Yes, things are a bit nicer in the major leagues. For several Twins minor leaguers, last season was their first taste of the bigs. Numerous injuries and 99 losses meant several young players had an opportunity to show their stuff with Minnesota late in the 2011 season.
Several months later, those same players are trying to make a case to stay in the majors in 2012.
"Once you have a taste of the big leagues, you don't want to go back to the minor leagues," said outfielder Rene Tosoni, one of several Twins to make his major league debut in 2011. "But when you get back there, that's all you want to do is get back to the big leagues. Your goal is to stay out of the minor leagues. You want to be playing in the big leagues as long as you can."
Tosoni, 25, spent a decent part of 2011 with Minnesota, playing 60 total games in the majors and 73 with Triple-A Rochester. There were others, such as outfielder Joe Benson and first baseman Chris Parmelee, who didn't get that chance until September.
Both Benson and Parmelee skipped Triple-A altogether last year, going straight from Double-A New Britain to the Twins in September.

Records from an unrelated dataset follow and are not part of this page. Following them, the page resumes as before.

(* Let $I$ be a finite set of positive integers and $m=\max(I\cup\{0\})$. Then $(-1)^m d(I;-1)\ge 0$. Equivalently, if $d(I;n)=\sum_{k=0}^m(-1)^{m-k}c_k(I)\binom{n+1}{k}$ is the expansion of the descent polynomial in the basis $\{\binom{n+1}{k}\}_{k\ge 0}$, then $c_0(I)\ge 0$.
   Context: For $n>m$, $d(I;n)$ is the number of permutations $\pi\in\mathfrak S_n$ with $\{i\mid\pi_i>\pi_{i+1}\}=I$; it is a polynomial in $n$ of degree $m$, extended to all complex arguments, and $d(I;-1)$ is its value at $-1$ (note $d(I;-1)=(-1)^m c_0(I)$). *)

theory Defs
  imports "HOL-Combinatorics.Permutations" "HOL-Computational_Algebra.Polynomial"
begin

definition descent_set :: "nat \<Rightarrow> (nat \<Rightarrow> nat) \<Rightarrow> nat set" where
  "descent_set n \<pi> = {i \<in> {1..<n}. \<pi> i > \<pi> (Suc i)}"

definition dcount :: "nat set \<Rightarrow> nat \<Rightarrow> nat" where
  "dcount I n = card {\<pi>. \<pi> permutes {1..n} \<and> descent_set n \<pi> = I}"

definition descent_poly :: "nat set \<Rightarrow> real poly" where
  "descent_poly I = (THE p. \<forall>n > Max (I \<union> {0}). poly p (real n) = real (dcount I n))"

end

theory Submission
  imports Defs "HOL-Library.Infinite_Set"
begin

text \<open>
  Let \<open>m = max I\<close>, \<open>J = I - {m}\<close> and \<open>m' = max (J \<union> {0})\<close>. Counting the arrangements of
  \<open>{1..n}\<close> whose entries after position \<open>m\<close> increase gives \<open>d(I;n) + d(J;n) = C(n,m) d(J;m)\<close>,
  so the descent polynomial of \<open>I\<close> is \<open>d(J;m) C(x,m)\<close> minus that of \<open>J\<close>, and since
  \<open>C(-1,m) = (-1)^m\<close>,
  \<open>(-1)^m d(I;-1) = d(J;m) - (-1)^(m-m') (-1)^m' d(J;-1)\<close>.
  The claim then follows by induction on \<open>I\<close> once it is strengthened to
  \<open>0 \<le> (-1)^m d(I;-1) \<le> d(I;m+2)\<close>: if \<open>m - m'\<close> is even, the subtracted term is at most
  \<open>d(J;m'+2) \<le> d(J;m)\<close>; if it is odd, the added term is at most \<open>d(J;m+1) \<le> m d(J;m)\<close>;
  and \<open>d(I;m+2) \<ge> (m+1) d(J;m)\<close>.
\<close>

definition descents :: "'a::linorder list \<Rightarrow> nat set" where
  "descents xs = {i. 0 < i \<and> i < length xs \<and> xs ! i < xs ! (i - 1)}"

definition arrangements :: "'a::linorder set \<Rightarrow> nat set \<Rightarrow> 'a list set" where
  "arrangements A D = {xs. distinct xs \<and> set xs = A \<and> descents xs = D}"

lemma descents_map_strict_mono:
  assumes "strict_mono_on A f" "set xs \<subseteq> A"
  shows "descents (map f xs) = descents xs"
proof -
  have "f (xs ! i) < f (xs ! (i - 1)) \<longleftrightarrow> xs ! i < xs ! (i - 1)" if "i < length xs" for i
  proof -
    have "xs ! i \<in> A" "xs ! (i - 1) \<in> A"
      using that assms(2) by auto
    then show ?thesis
      using assms(1) by (metis strict_mono_on_less)
  qed
  then show ?thesis
    unfolding descents_def by auto
qed

lemma descents_take:
  "m \<le> length xs \<Longrightarrow> descents (take m xs) = descents xs \<inter> {..<m}"
  by (auto simp: descents_def)

lemma descents_drop:
  assumes "m \<le> length xs"
  shows "i \<in> descents (drop m xs) \<longleftrightarrow> 0 < i \<and> i + m \<in> descents xs"
proof -
  have "drop m xs ! (i - 1) = xs ! (i + m - 1)" if "0 < i" "i < length xs - m"
    using that by (simp add: nth_drop add.commute)
  moreover have "drop m xs ! i = xs ! (i + m)" if "i < length xs - m"
    using that by (simp add: nth_drop add.commute)
  ultimately show ?thesis
    unfolding descents_def using assms by auto
qed

lemma descents_empty_iff_sorted: "descents xs = {} \<longleftrightarrow> sorted xs"
proof -
  have "descents xs = {} \<longleftrightarrow> (\<forall>i. Suc i < length xs \<longrightarrow> xs ! i \<le> xs ! Suc i)"
  proof
    assume none: "descents xs = {}"
    show "\<forall>i. Suc i < length xs \<longrightarrow> xs ! i \<le> xs ! Suc i"
    proof (intro allI impI)
      fix i assume "Suc i < length xs"
      then have "\<not> xs ! Suc i < xs ! i"
        using none by (auto simp: descents_def)
      then show "xs ! i \<le> xs ! Suc i"
        by simp
    qed
  next
    assume "\<forall>i. Suc i < length xs \<longrightarrow> xs ! i \<le> xs ! Suc i"
    then show "descents xs = {}"
      unfolding descents_def by (auto simp: not_less gr0_conv_Suc)
  qed
  then show ?thesis
    by (simp add: sorted_iff_nth_Suc)
qed

lemma descents_append_greater:
  assumes "\<forall>x\<in>set xs. x < a"
  shows "descents (xs @ [a]) = descents xs"
proof -
  have "xs ! (length xs - 1) < a" if "length xs - 1 < length xs"
    using assms that by simp
  then show ?thesis
    unfolding descents_def by (auto simp: nth_append less_Suc_eq dest: order.asym)
qed

lemma descents_split:
  assumes "J \<subseteq> {..<m}" and "m \<le> length xs"
  shows "descents (take m xs) = J \<and> sorted (drop m xs)
    \<longleftrightarrow> descents xs = insert m J \<or> descents xs = J"
proof -
  have "sorted (drop m xs) \<longleftrightarrow> descents (drop m xs) = {}"
    by (simp add: descents_empty_iff_sorted)
  also have "\<dots> \<longleftrightarrow> descents xs \<subseteq> {..m}"
  proof
    assume none: "descents (drop m xs) = {}"
    show "descents xs \<subseteq> {..m}"
    proof
      fix k assume "k \<in> descents xs"
      with none descents_drop[OF assms(2), of "k - m"] show "k \<in> {..m}"
        by (cases "m < k") auto
    qed
  next
    assume "descents xs \<subseteq> {..m}"
    then show "descents (drop m xs) = {}"
      using descents_drop[OF assms(2)] by fastforce
  qed
  finally have "sorted (drop m xs) \<longleftrightarrow> descents xs \<subseteq> {..m}" .
  moreover have "descents xs \<inter> {..<m} = J \<and> descents xs \<subseteq> {..m}
      \<longleftrightarrow> descents xs = insert m J \<or> descents xs = J"
  proof
    assume "descents xs \<inter> {..<m} = J \<and> descents xs \<subseteq> {..m}"
    moreover have "descents xs \<subseteq> {..m} \<Longrightarrow> descents xs = (descents xs \<inter> {..<m}) \<union> (descents xs \<inter> {m})"
      by (auto simp: nat_less_le)
    ultimately show "descents xs = insert m J \<or> descents xs = J"
      by (cases "m \<in> descents xs") auto
  next
    assume "descents xs = insert m J \<or> descents xs = J"
    then show "descents xs \<inter> {..<m} = J \<and> descents xs \<subseteq> {..m}"
      using assms(1) by auto
  qed
  ultimately show ?thesis
    using descents_take[OF assms(2)] by simp
qed

lemma strict_mono_on_inv_into:
  fixes f :: "'a::linorder \<Rightarrow> 'b::linorder"
  assumes "strict_mono_on A f" "bij_betw f A B"
  shows "strict_mono_on B (inv_into A f)"
proof (rule strict_mono_onI)
  fix x y assume "x \<in> B" "y \<in> B" "x < y"
  then obtain a b where "a \<in> A" "b \<in> A" "x = f a" "y = f b"
    using assms(2) by (auto simp: bij_betw_def)
  moreover have "\<not> b \<le> a"
    using assms(1) \<open>x < y\<close> calculation by (metis leD order_le_less strict_mono_on_less)
  ultimately show "inv_into A f x < inv_into A f y"
    using assms(2) by (auto simp: bij_betw_def inv_into_f_f)
qed

lemma ex_strict_mono_bij_betw:
  fixes A :: "'a::wellorder set" and B :: "'b::wellorder set"
  assumes "finite A" "finite B" "card A = card B"
  obtains f where "strict_mono_on A f" "bij_betw f A B"
proof -
  obtain g where g: "bij_betw g {..<card A} A" "strict_mono_on {..<card A} g"
    using ex_bij_betw_strict_mono_card[OF assms(1)] by blast
  obtain h where h: "bij_betw h {..<card A} B" "strict_mono_on {..<card A} h"
    using ex_bij_betw_strict_mono_card[OF assms(2)] assms(3) by metis
  have g': "bij_betw (inv_into {..<card A} g) A {..<card A}" "strict_mono_on A (inv_into {..<card A} g)"
    using g bij_betw_inv_into strict_mono_on_inv_into by blast+
  show ?thesis
  proof
    show "bij_betw (h \<circ> inv_into {..<card A} g) A B"
      using g'(1) h(1) by (rule bij_betw_trans)
    show "strict_mono_on A (h \<circ> inv_into {..<card A} g)"
    proof (rule strict_mono_onI)
      fix x y assume "x \<in> A" "y \<in> A" "x < y"
      then have "inv_into {..<card A} g x < inv_into {..<card A} g y"
        "inv_into {..<card A} g x \<in> {..<card A}" "inv_into {..<card A} g y \<in> {..<card A}"
        using g' bij_betw_apply[OF g'(1)] by (simp_all add: strict_mono_on_less)
      then show "(h \<circ> inv_into {..<card A} g) x < (h \<circ> inv_into {..<card A} g) y"
        using h(2) by (simp add: strict_mono_on_less)
    qed
  qed
qed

The two-level leap didn't seem to affect Parmelee, who batted .355 while slugging .592 in 21 games for the Twins. That included four homers and 14 RBIs in 76 at-bats.
"The difference between Double-A and the big leagues was the pitching was a little bit better," Parmelee said. "But at the same time, they were around the zone a little bit more, so I felt like it was a little bit easier to hit. The lights are brighter. The balls are whiter. That's what I think helped me out a lot through the time I was up there was just staying relaxed in the game itself."
Benson, ranked by Baseball America as the No. 99 overall prospect prior to this season, didn't have quite the success in the majors last September that Parmelee did. Benson batted just .239 with a .270 on-base percentage in 21 games (71 at-bats).
He's been off to a slow start this spring, too, hitting 3-for-14 in his first six games. Benson did hit a deep home run in Sunday's game against the Yankees. He homered 16 times with New Britain last season and 27 combined homers in 2010 between New Britain (23) and High-A Fort Myers (4).
That power is something Benson is hoping to exhibit this spring as he fights for a roster spot.
"I'd like to make power part of my game," Benson said Sunday after his solo homer. "It's something you can't consciously think about or force, but it just comes with repetition, putting good swings on baseballs, going up there with a good plan and plate approach. Eventually some of them start getting backspin and balls start flying. But for today, the rest of camp, I'm just trying to battle, be aggressive and try to stay out of those two-strike counts."
Twins manager Ron Gardenhire knows the early-spring struggles have weighed on Benson, but Minnesota's skipper was glad to see the 24-year-old Illinois native snap out of it with a homer Sunday.
"He's got all the tools. Now it's about harnessing that," Gardenhire said of Benson. "Making it to the big leagues (last year) is a good thing. He saw what he needed to work on."
Tosoni has quickly become friends with veteran third baseman Sean Burroughs, whose locker is next to Tosoni's in the Hammond Stadium clubhouse. On the other side of Tosoni's locker is fellow Canadian Justin Morneau. Those two have been next to each other since Tosoni's first camp with the Twins three springs ago. For his first two years in Fort Myers, Tosoni was also next to slugger Jim Thome.
"A couple good lefties right here," Tosoni said. "Good to take in some information and take it to the field."
Now that players like Tosoni, Benson, Parmelee and others have had several spring trainings under their belts as well as a taste of the majors last season they've become more comfortable and assertive, both on the field and in the clubhouse.
"You have to be more comfortable when you've been around it for a few years," Gardenhire said. "They've been in camp, most of those guys, for two or three years now. We expect that. That's kind of the process. Better each year, more comfortable, and know what we have to do. We get away from having to, as they say, hold their hand step-by-step every day."
Yet while last year's taste of the major leagues was a great learning experience for Minnesota's young players, it doesn't result in any guarantees this spring.
"It doesn't matter how old you are, whether you're 20 or 40. You're always fighting for a job," Parmelee said. "You've always got to compete. You've just got to go out there and give it 100 percent. That's how I look at it. It doesn't matter what age you are. You've still got to go out there and earn a spot."